PH.D. Student in Applied Physics, Stanford University
Quantum point contacts and transparent submicron ohmic islands in InAs, towards quantum simulation of non-Fermi liquid physics
Hybrid metal-semiconductor two-dimensional systems are an attractive platform for exploring correlated electron-electron interactions. Flexible nanopatterning allows design of structures to emulate particular Hamiltonians with electrostatically tunable parameters. Frédéric Pierre recently demonstrated a quantum phase transition based on a multichannel charge Kondo effect[1,2] in a GaAs heterostructure with an annealed metal island. With the goal of scaling up towards simulating coherent Kondo lattice interactions, a two-site charge Kondo circuit in GaAs was developed in our group, realizing a unique inter-island interaction and new quantum phase transition. InAs may offer significant advantages: pinning of the surface Fermi level in the conduction band allows for direct ohmic contact to surface metals.
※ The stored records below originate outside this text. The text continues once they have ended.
(* Let $A\in\mathbb{R}^{m\times m}$ with $S_{\max}(A)>0$, $B\in\mathbb{R}^{m\times n}$, $k>0$, and let $P$ be a symmetric positive definite solution of $A^{\mathrm T}P+PA-2PBB^{\mathrm T}P+kI_m=0$. Let $x_g\in\mathbb{R}^m$ with $\|x_g\|\le\overline{x}_g$, and let $d:[0,\infty)\to\mathbb{R}^m$ be continuous with $\|d(t)\|\le\overline{d}$ for all $t\ge0$. Let $0=t_0<t_1<t_2<\cdots$ be servicing instants with $t_s\to\infty$. Consider the system $$\dot x(t)=Ax(t)+Bu(t)+d(t),\qquad u(t)=B^{\mathrm T}P\,(x_g-\hat x(t)),$$ $$\dot{\hat x}(t)=-A(x_g-\hat x(t))+Bu(t)\ \text{ for } t\in[t_s,t_{s+1}),\qquad \hat x(t_s)=x(t_s)\ \text{ for all } s\ge0,$$ with $x$ continuous and $\hat x$ right-continuous, and define $e(t)=x_g-x(t)$. Let $V_T>0$, $\kappa=S_{\max}(A)\overline{x}_g+\overline{d}$, and suppose that for every $s\ge0$, $$t_{s+1}-t_s\le\frac{1}{S_{\max}(A)}\ln\!\left(\frac{V_TS_{\max}(A)}{\kappa}+1\right).$$ Then, with $\rho\triangleq 2\overline{d}S_{\max}(P)+2V_TS_{\max}(PBB^{\mathrm T}P)+2S_{\max}(PA)\overline{x}_g$, for all $t\ge0$, $$\|e(t)\|\le\frac{\lambda_{\max}(P)\rho}{\lambda_{\min}(P)k}\left(1-e^{-\frac{k}{2\lambda_{\max}(P)}t}\right)+\sqrt{\frac{\lambda_{\max}(P)}{\lambda_{\min}(P)}}\,\|e(0)\|\,e^{-\frac{k}{2\lambda_{\max}(P)}t};$$ moreover $e$, $x_g-\hat x$ and $u$ are bounded on $[0,\infty)$. *)

theory Defs
  imports "HOL-Analysis.Analysis"
begin

definition eigvals :: "real^'m^'m \<Rightarrow> real set" where
  "eigvals M = {c. \<exists>v. v \<noteq> 0 \<and> M *v v = c *s v}"

definition lambda_max :: "real^'m^'m \<Rightarrow> real" where
  "lambda_max M = Max (eigvals M)"

definition lambda_min :: "real^'m^'m \<Rightarrow> real" where
  "lambda_min M = Min (eigvals M)"

definition smax :: "real^'n^'m \<Rightarrow> real" where
  "smax M = sqrt (lambda_max (transpose M ** M))"

definition pos_def :: "real^'m^'m \<Rightarrow> bool" where
  "pos_def P \<longleftrightarrow> transpose P = P \<and> (\<forall>v. v \<noteq> 0 \<longrightarrow> v \<bullet> (P *v v) > 0)"

end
Small metallic islands with large charging energies will enable building on earlier charge Kondo work without requiring as low electron temperatures. Working towards developing an InAs-based quantum simulation platform of non-Fermi liquid phases, we have been building on progress made in the growth of high-mobility InAs quantum well heterostructures. I will talk about our recent work on gate-defined quantum point contacts (QPCs) with large g-factor anisotropy and subband spacings, and highly transparent interfaces between submicron metallic islands and quantum Hall edge states.
- Z. Iftikhar, et al., Nature 526, 233–236 (2015)
- Z. Iftikhar, et al., Science 360, 1315–1320 (2018)
- W. Pouse, et al. arXiv:2108.12691 (2021)
- A. T. Hatke, et al., Applied Physics Letters 111, 142106 (2017)
- C.L. Hsueh, P. Sriram, et al. (under preparation)